[DATA FOR THIS TASK]:
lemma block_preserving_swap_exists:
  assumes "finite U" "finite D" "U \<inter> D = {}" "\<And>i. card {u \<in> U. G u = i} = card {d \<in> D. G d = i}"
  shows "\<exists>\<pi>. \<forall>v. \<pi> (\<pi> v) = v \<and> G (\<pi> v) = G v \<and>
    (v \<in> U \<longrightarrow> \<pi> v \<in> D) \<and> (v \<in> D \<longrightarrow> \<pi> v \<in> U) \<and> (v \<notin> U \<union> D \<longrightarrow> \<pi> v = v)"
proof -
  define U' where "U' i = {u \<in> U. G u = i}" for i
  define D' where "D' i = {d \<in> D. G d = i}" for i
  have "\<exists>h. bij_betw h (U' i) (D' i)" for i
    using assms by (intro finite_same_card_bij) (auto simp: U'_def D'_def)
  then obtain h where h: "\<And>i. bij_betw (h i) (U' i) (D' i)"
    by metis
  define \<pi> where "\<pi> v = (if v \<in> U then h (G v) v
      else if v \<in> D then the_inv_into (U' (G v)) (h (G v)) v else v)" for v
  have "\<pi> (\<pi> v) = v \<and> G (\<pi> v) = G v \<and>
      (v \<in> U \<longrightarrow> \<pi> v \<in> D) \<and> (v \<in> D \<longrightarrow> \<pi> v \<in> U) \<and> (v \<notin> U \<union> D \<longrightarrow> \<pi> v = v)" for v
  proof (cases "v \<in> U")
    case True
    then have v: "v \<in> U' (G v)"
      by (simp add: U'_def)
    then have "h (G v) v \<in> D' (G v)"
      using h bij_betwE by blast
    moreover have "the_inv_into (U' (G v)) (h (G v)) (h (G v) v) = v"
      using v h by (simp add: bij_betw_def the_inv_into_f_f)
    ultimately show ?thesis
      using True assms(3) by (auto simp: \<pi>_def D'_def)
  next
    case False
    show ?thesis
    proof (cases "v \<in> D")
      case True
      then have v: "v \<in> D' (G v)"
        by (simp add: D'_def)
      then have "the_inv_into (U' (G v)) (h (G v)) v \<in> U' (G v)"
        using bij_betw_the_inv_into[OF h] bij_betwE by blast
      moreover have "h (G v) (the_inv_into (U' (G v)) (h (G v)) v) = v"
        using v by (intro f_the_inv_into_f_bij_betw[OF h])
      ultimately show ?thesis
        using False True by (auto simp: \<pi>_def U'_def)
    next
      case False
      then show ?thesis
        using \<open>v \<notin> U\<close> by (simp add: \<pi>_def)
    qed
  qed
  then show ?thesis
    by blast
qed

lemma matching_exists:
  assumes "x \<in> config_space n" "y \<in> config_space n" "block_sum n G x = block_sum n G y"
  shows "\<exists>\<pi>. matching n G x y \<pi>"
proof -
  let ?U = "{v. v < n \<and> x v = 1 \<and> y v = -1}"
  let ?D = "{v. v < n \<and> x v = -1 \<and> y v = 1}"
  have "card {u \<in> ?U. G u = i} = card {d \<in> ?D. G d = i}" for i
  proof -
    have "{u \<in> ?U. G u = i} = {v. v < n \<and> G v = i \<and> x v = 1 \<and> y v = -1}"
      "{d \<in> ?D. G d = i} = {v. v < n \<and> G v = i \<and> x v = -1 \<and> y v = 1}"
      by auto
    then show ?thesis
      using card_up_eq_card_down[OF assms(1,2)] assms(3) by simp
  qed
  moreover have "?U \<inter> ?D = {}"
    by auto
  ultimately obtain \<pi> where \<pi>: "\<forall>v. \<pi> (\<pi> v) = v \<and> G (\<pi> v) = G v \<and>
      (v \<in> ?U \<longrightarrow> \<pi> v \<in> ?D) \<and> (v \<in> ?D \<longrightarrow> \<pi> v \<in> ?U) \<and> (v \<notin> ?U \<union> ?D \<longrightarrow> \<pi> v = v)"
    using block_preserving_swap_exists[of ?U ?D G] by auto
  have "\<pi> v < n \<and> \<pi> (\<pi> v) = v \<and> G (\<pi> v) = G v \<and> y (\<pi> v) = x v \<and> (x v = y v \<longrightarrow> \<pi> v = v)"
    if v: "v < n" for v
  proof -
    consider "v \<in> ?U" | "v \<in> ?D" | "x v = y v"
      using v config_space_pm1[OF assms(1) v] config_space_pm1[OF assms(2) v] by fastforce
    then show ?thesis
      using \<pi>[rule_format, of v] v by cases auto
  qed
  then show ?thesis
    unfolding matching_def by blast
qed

[WORK TASK]:
What you give back must be the stretch above, starting at the line with "using True assms(3)" and ending at the line with "ultimately obtain \<pi>", copied exactly.

[REPLY TO THE EXERCISE]:
      using True assms(3) by (auto simp: \<pi>_def D'_def)
  next
    case False
    show ?thesis
    proof (cases "v \<in> D")
      case True
      then have v: "v \<in> D' (G v)"
        by (simp add: D'_def)
      then have "the_inv_into (U' (G v)) (h (G v)) v \<in> U' (G v)"
        using bij_betw_the_inv_into[OF h] bij_betwE by blast
      moreover have "h (G v) (the_inv_into (U' (G v)) (h (G v)) v) = v"
        using v by (intro f_the_inv_into_f_bij_betw[OF h])
      ultimately show ?thesis
        using False True by (auto simp: \<pi>_def U'_def)
    next
      case False
      then show ?thesis
        using \<open>v \<notin> U\<close> by (simp add: \<pi>_def)
    qed
  qed
  then show ?thesis
    by blast
qed

lemma matching_exists:
  assumes "x \<in> config_space n" "y \<in> config_space n" "block_sum n G x = block_sum n G y"
  shows "\<exists>\<pi>. matching n G x y \<pi>"
proof -
  let ?U = "{v. v < n \<and> x v = 1 \<and> y v = -1}"
  let ?D = "{v. v < n \<and> x v = -1 \<and> y v = 1}"
  have "card {u \<in> ?U. G u = i} = card {d \<in> ?D. G d = i}" for i
  proof -
    have "{u \<in> ?U. G u = i} = {v. v < n \<and> G v = i \<and> x v = 1 \<and> y v = -1}"
      "{d \<in> ?D. G d = i} = {v. v < n \<and> G v = i \<and> x v = -1 \<and> y v = 1}"
      by auto
    then show ?thesis
      using card_up_eq_card_down[OF assms(1,2)] assms(3) by simp
  qed
  moreover have "?U \<inter> ?D = {}"
    by auto
  ultimately obtain \<pi> where \<pi>: "\<forall>v. \<pi> (\<pi> v) = v \<and> G (\<pi> v) = G v \<and>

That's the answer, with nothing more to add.